Les trois garçons souhaitèrent une bonne nuit à leur amie
et la regardèrent s’éloigner. Celui qui avait proposé
de la ramener, le bassiste du groupe, arborait une mine sombre alors qu’ils
se mettaient tous trois en route dans la direction opposée.
- Allez, Paul, fais pas cette tête là, taquina Johann, le guitariste.
C’est une grande fille. Et puis, elle habite à trois pâtés
de maisons, que veux-tu qu’il lui arrive ?
Cela ne rassura pas le jeune homme blond. Il continua à faire la tête
jusqu’à ce que Tom, le batteur, vienne mettre son grain de sel
:
- D’ailleurs, ça vaut peut-être mieux pour elle de rentrer
seule plutôt que raccompagnée par toi… Combien de fois as-tu
déjà essayé de lui sauter dessus ?
- Oh, ça va ! grogna Paul, se renfrognant encore plus. C’est pas
comme si j’allais la violer ou quoi que ce soit… (Il soupira.) J’ai
presque réussi, la dernière fois…
- Ouais, fit Johann. Avant qu’elle ne te demande gentiment de lui foutre
la paix. Quand admettras-tu que tu n’es pas son genre ?
- Jamais. Je suis son genre.
- Allons, reprit le guitariste en posant un bras sur les épaules de son
ami, l’as-tu déjà vue sortir avec un blond ?
- Non, mais elle n’est jamais sortie avec quelqu’un qui avait les
cheveux rouges non plus, rétorqua Paul, fixant avec insistance les mèches
écarlates de Johann.
- Arrêtez de vous chamailler, les gars, intervint Tom. Je vous signale
qu’on ne l’a jamais vue sortir avec qui que ce soit.

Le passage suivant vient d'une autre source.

(* Let $N$ be a $d$-small $\mathrm{FS}_B^{\mathrm{op}}$-module and $M_1,\dots,M_p$ be $\mathrm{FS}_A^{\mathrm{op}}$-modules (all over $\mathbb C$) with $M_i$ $c_i$-small. Let $R$ be the $\mathrm{FS}_B^{\mathrm{op}}$-module with $$R(E,\sigma)=\bigoplus_{\varphi:(E,\sigma)\to[-p,p]}N(\varphi^{-1}(0),\sigma)\otimes M_1(\varphi^{-1}(1))\otimes\cdots\otimes M_p(\varphi^{-1}(p)),$$ the sum over all $\mathrm{FS}_B$-morphisms $\varphi$, where a morphism $\psi:(E',\sigma')\to(E,\sigma)$ maps the summand indexed by $\varphi$ to the summand indexed by $\varphi\circ\psi$ via $N(\psi|)\otimes M_1(\psi|)\otimes\cdots\otimes M_p(\psi|)$, $\psi|$ denoting the restrictions $(\varphi\psi)^{-1}(0)\to\varphi^{-1}(0)$ and $(\varphi\psi)^{-1}(i)\to\varphi^{-1}(i)$. Then $R$ is $(d+c_1+\cdots+c_p)$-small.
   Context: $\mathrm{FS}_A$: nonempty finite sets with surjections. $\mathrm{FS}_B$: pairs $(E,\sigma)$, $E$ finite, $\sigma$ an involution with unique fixed point $0$, morphisms surjective equivariant maps; $[-n,n]=\{-n,\dots,n\}$ with $k\mapsto -k$; for a morphism $\varphi$, $(\varphi^{-1}(0),\sigma)$ is an object of $\mathrm{FS}_B$. A $\mathcal C^{\mathrm{op}}$-module is a contravariant functor to vector spaces; the principal projective $P_x(y)$ has basis $\mathrm{Hom}(y,x)$. An $\mathrm{FS}_A^{\mathrm{op}}$-module is finitely generated in degree $\le d$ if it is a quotient of a finite sum of $P_{[m]}$ with $m\le d$ ($[m]=\{1,\dots,m\}$); an $\mathrm{FS}_B^{\mathrm{op}}$-module is finitely generated in degree $\le d$ if it is a quotient of a finite sum of $P_{[-m,m]}$ with $m\le d$. A module is $d$-small if it is isomorphic to a subquotient of a module finitely generated in degree $\le d$. *)

theory Defs
  imports Complex_Main "HOL-Library.FuncSet"
begin

definition fn_subspace :: "('a \<Rightarrow> complex) set \<Rightarrow> bool" where
  "fn_subspace S \<longleftrightarrow> (\<lambda>_. 0) \<in> S \<and>
     (\<forall>x\<in>S. \<forall>y\<in>S. (\<lambda>a. x a + y a) \<in> S) \<and>
     (\<forall>c. \<forall>x\<in>S. (\<lambda>a. c * x a) \<in> S)"

definition fn_linear_on :: "('a \<Rightarrow> complex) set \<Rightarrow> ('b \<Rightarrow> complex) set
    \<Rightarrow> (('a \<Rightarrow> complex) \<Rightarrow> ('b \<Rightarrow> complex)) \<Rightarrow> bool" where
  "fn_linear_on S T h \<longleftrightarrow> (\<forall>x\<in>S. h x \<in> T) \<and>
     (\<forall>x\<in>S. \<forall>y\<in>S. h (\<lambda>a. x a + y a) = (\<lambda>a. h x a + h y a)) \<and>
     (\<forall>c. \<forall>x\<in>S. h (\<lambda>a. c * x a) = (\<lambda>a. c * h x a))"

- Et pourtant, c’est pas qu’on ait pas tous essayé, soupira
Johann.
- On est peut-être pas assez bien pour elle, suggéra Tom, passant
une main dans sa tignasse noire.
Les yeux bleus de Paul étincelèrent.
- Tu insinues que c’est une bêcheuse ? s’écria-t-il,
les poings serrés.
- Du calme ! protesta le brun. C’est pas ce que je voulais dire. Mais
il faut voir la vérité en face : qu’est-ce que des gars
comme nous ont à offrir à une fille pareille ? En plus, elle a
l’embarras du choix…
- Je ne suis pas d’accord, intervint Johann. Si tu pars comme ça,
quelle fille voudrait de nous ? Et pourtant, ça fait un moment qu’on
est plus des novices dans ce domaine-là…
- De toute façon, fit Paul en haussant les épaules, elle finira
bien par se rendre compte de ce qu’elle perd en me repoussant, et elle
me tombera dans les bras.
Johann éclata de rire et les yeux noisette de Tom se plissèrent
sous l’effort qu’il fournissait pour rester sérieux.
- C’est ça, Don Juan, s’exclama le guitariste.

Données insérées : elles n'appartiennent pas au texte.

lemma grid_bounds_if_in_gap:
  fixes \<gamma> :: nat
  assumes \<gamma>: "\<gamma> \<ge> 2" and in_gap: "A \<gamma> eps q (k + 1) i' \<subseteq> gap \<gamma> eps q k i"
  shows "real i / real \<gamma> ^ k \<le> real i' / real \<gamma> ^ (k + 1)"
    and "real i' / real \<gamma> ^ (k + 1) \<le> real i / real \<gamma> ^ k + (1 / real \<gamma> ^ k - 1 / real \<gamma> ^ (k + 1))"
proof -
  define g where "g = real \<gamma>"
  have g: "g \<ge> 2"
    using \<gamma> by (simp add: g_def)
  have width_nonneg: "0 \<le> (g\<^sup>2 - 1) / g ^ m" for m
    using g one_le_power[of g 2] by (intro divide_nonneg_nonneg) auto
  have "A_left \<gamma> eps q (k + 1) i' \<le> A_right \<gamma> eps q (k + 1) i'"
    using width_nonneg[of "k + 1 + 2", unfolded g_def] unfolding A_left_def A_right_def by linarith
  then have "A_left \<gamma> eps q (k + 1) i' \<in> gap \<gamma> eps q k i"
    and "A_right \<gamma> eps q (k + 1) i' \<in> gap \<gamma> eps q k i"
    using in_gap by (auto simp: A_def)
  then have left: "real i / g ^ k + (g\<^sup>2 - 1) / g ^ (k + 2) < real i' / g ^ (k + 1)"
    and right: "real i' / g ^ (k + 1) + (g\<^sup>2 - 1) / g ^ (k + 3) < real (i + 1) / g ^ k"
    by (simp_all add: gap_def A_left_def A_right_def g_def numeral_3_eq_3)
  have "real i / g ^ k \<le> real i' / g ^ (k + 1)"
    using left width_nonneg[of "k + 2"] by linarith
  then show "real i / real \<gamma> ^ k \<le> real i' / real \<gamma> ^ (k + 1)"
    unfolding g_def .
  have "real i' / g ^ (k + 1) < real (i + 1) / g ^ k"
    using right width_nonneg[of "k + 3"] by linarith
  also have "\<dots> = real (i + 1) * g / g ^ (k + 1)"
    using g by simp
  finally have "real i' / g ^ (k + 1) < real (i + 1) * g / g ^ (k + 1)" .
  then have "real i' < real (i + 1) * g"
    using g by (meson divide_less_cancel zero_less_power order.strict_trans2 zero_less_numeral)
  then have "i' < (i + 1) * \<gamma>"
    unfolding g_def by (metis of_nat_less_iff of_nat_mult)
  then have "i' + 1 \<le> (i + 1) * \<gamma>"
    by simp
  then have "real i' \<le> real (i + 1) * g - 1"
    unfolding g_def by (metis of_nat_add of_nat_1 of_nat_le_iff of_nat_mult le_diff_eq)
  then have "real i' / g ^ (k + 1) \<le> (real (i + 1) * g - 1) / g ^ (k + 1)"
    using g by (simp add: divide_right_mono)
  also have "\<dots> = real i / g ^ k + (1 / g ^ k - 1 / g ^ (k + 1))"
    using g by (simp add: field_simps)
  finally show "real i' / real \<gamma> ^ (k + 1) \<le> real i / real \<gamma> ^ k + (1 / real \<gamma> ^ k - 1 / real \<gamma> ^ (k + 1))"
    unfolding g_def .
qed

Ils continuèrent leur chemin, moitié riant, moitié se chamaillant,
puis se séparèrent pour rentrer chez eux.
* * *
Contrairement à ce que pensaient ses compagnons, Kathlynn ne prit pas
directement le chemin de chez elle. Elle se sentait d’humeur vagabonde,
aussi bifurqua-t-elle afin de prendre une route plus longue.

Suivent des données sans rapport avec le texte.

(* Consider the spacetime $\mathbb{R}\times\mathbb{R}^3$ with coordinates $(t,x^1,x^2,x^3)$ and metric of signature $(-,+,+,+)$ $$ds^2=-\alpha^2\,dt^2+\delta_{ij}\,(dx^i-\beta^i dt)(dx^j-\beta^j dt),$$ with lapse $\alpha\equiv 1$, flat time-independent spatial metric $\gamma_{ij}=\delta_{ij}$ on every slice $t=\text{const}$, and irrotational shift given by a smooth scalar potential $\Phi(t,x)$ through $\beta_i=-\partial_i\Phi$ (i.e. $\boldsymbol{\beta}^\flat=-d\Phi$ on each slice). Then the stress–energy tensor $T^\mu{}_\nu=G^\mu{}_\nu/\kappa$ of this spacetime is of Hawking–Ellis Type I at every point.
   Context: $G^\mu{}_\nu$ is the mixed Einstein tensor of the metric and $\kappa>0$ is Einstein's coupling constant (zero cosmological constant). A symmetric tensor $T_{\mu\nu}$ at a point, viewed as the linear map $T^\mu{}_\nu$, is of Hawking–Ellis Type I if $T^\mu{}_\nu$ has four real eigenvalues and admits a real timelike eigenvector, equivalently there is an orthonormal frame in which $T^{\hat\mu}{}_{\hat\nu}=\mathrm{diag}(-\varrho,p_1,p_2,p_3)$ with all entries real. *)

theory Defs
  imports "HOL-Analysis.Analysis"
begin

text \<open>Spacetime points are vectors in real^4; coordinate index 0 is t, indices 1,2,3 are x^1,x^2,x^3.
  Tensor components are indexed by the 4-element type 4.\<close>

type_synonym point = "real^4"
type_synonym idx = 4

definition pd :: "idx \<Rightarrow> (point \<Rightarrow> real) \<Rightarrow> point \<Rightarrow> real" where
  "pd i f p = deriv (\<lambda>s. f (p + s *\<^sub>R axis i 1)) 0"

fun iter_pd :: "idx list \<Rightarrow> (point \<Rightarrow> real) \<Rightarrow> point \<Rightarrow> real" where
  "iter_pd [] f = f"
| "iter_pd (i # is) f = pd i (iter_pd is f)"

definition smooth :: "(point \<Rightarrow> real) \<Rightarrow> bool" where
  "smooth f \<longleftrightarrow> (\<forall>is. (iter_pd is f) differentiable_on UNIV)"

text \<open>3+1 metric with lapse alpha, shift beta (components beta_k for spatial k, lowered
  with the flat spatial metric delta) and flat spatial metric gamma_ij = delta_ij:
  ds^2 = -alpha^2 dt^2 + delta_ij (dx^i - beta^i dt)(dx^j - beta^j dt).\<close>
definition adm_flat_metric :: "(point \<Rightarrow> real) \<Rightarrow> (point \<Rightarrow> idx \<Rightarrow> real) \<Rightarrow> point \<Rightarrow> real^4^4" where
  "adm_flat_metric \<alpha> \<beta> p = (\<chi> \<mu> \<nu>.
     if \<mu> = 0 \<and> \<nu> = 0 then - (\<alpha> p)\<^sup>2 + (\<Sum>k\<in>UNIV - {0}. (\<beta> p k)\<^sup>2)
     else if \<mu> = 0 then - \<beta> p \<nu>
     else if \<nu> = 0 then - \<beta> p \<mu>
     else if \<mu> = \<nu> then 1 else 0)"

definition inv_metric :: "(point \<Rightarrow> real^4^4) \<Rightarrow> point \<Rightarrow> real^4^4" where
  "inv_metric g p = matrix_inv (g p)"

definition christoffel :: "(point \<Rightarrow> real^4^4) \<Rightarrow> point \<Rightarrow> idx \<Rightarrow> idx \<Rightarrow> idx \<Rightarrow> real" where
  "christoffel g p l m n = (1/2) * (\<Sum>s\<in>UNIV. inv_metric g p $ l $ s *
      (pd m (\<lambda>q. g q $ s $ n) p + pd n (\<lambda>q. g q $ s $ m) p - pd s (\<lambda>q. g q $ m $ n) p))"

definition riemann :: "(point \<Rightarrow> real^4^4) \<Rightarrow> point \<Rightarrow> idx \<Rightarrow> idx \<Rightarrow> idx \<Rightarrow> idx \<Rightarrow> real" where
  "riemann g p r s m n =
     pd m (\<lambda>q. christoffel g q r n s) p - pd n (\<lambda>q. christoffel g q r m s) p
     + (\<Sum>l\<in>UNIV. christoffel g p r m l * christoffel g p l n s
                 - christoffel g p r n l * christoffel g p l m s)"

definition ricci :: "(point \<Rightarrow> real^4^4) \<Rightarrow> point \<Rightarrow> idx \<Rightarrow> idx \<Rightarrow> real" where
  "ricci g p s n = (\<Sum>r\<in>UNIV. riemann g p r s r n)"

Ce faisant, elle pensait à la soirée, au concert. Elle aimait
bien ce bar, le public y était toujours chaleureux. La plupart des clients
étaient des habitués, et elle les connaissait tous plus ou moins.
Mais ce soir, il y avait aussi eu des gens qu’elle ne connaissait pas.
Méanor et sa sœur avaient amené quelques uns de leurs amis
; dont un jeune homme aux cheveux bleus qui l’avait étrangement
troublée. Il se tenait dans son coin, riait de temps en temps à
une blague d’un de ses amis, buvait peu. Mais lorsque leurs regards s’étaient
croisés, elle avait été comme hypnotisée.
Passing by you light up my darkest skies
You'll take only seconds to draw me in
Dans ses yeux, elle avait vu de la tristesse, de l’envie, de la résignation. Et aussi quelque chose d’étrange, comme une ombre mouvante qui voilait de temps à autre le bleu intense de ces prunelles.
So be mine and your innocence I will consume
C’était un appel, totalement irrésistible, et une partie d’elle-même avait été obligée de l’arracher à sa contemplation. Sans quoi elle serait descendue de la scène pur aller fondre dans les bras puissants de ce si beau jeune homme.
Dark shines
Bringing me down
Making my heart feel sore
Because it's good
Kathlynn poussa un soupir. De toute façon, il était fort improbable
qu’elle revoie ce garçon, alors c’était inutile de
s’appesantir sur le sujet. Elle secoua la tête et décida
de rentrer chez elle, car la nuit était déjà bien avancée.
Sans s’en rendre compte, elle avait fait un détour plus grand que
prévu. Elle maudit à voix basse son côté tête
en l’air et tourna à gauche pour rejoindre une route plus importante.
Alors que, chantonnant doucement, elle longeait un passage obscur donnant sur
quelque cour encombrée et puante, une main s’abattit sur son bras.
Elle poussa un cri de surprise, recula de deux pas et se cogna contre quelqu’un.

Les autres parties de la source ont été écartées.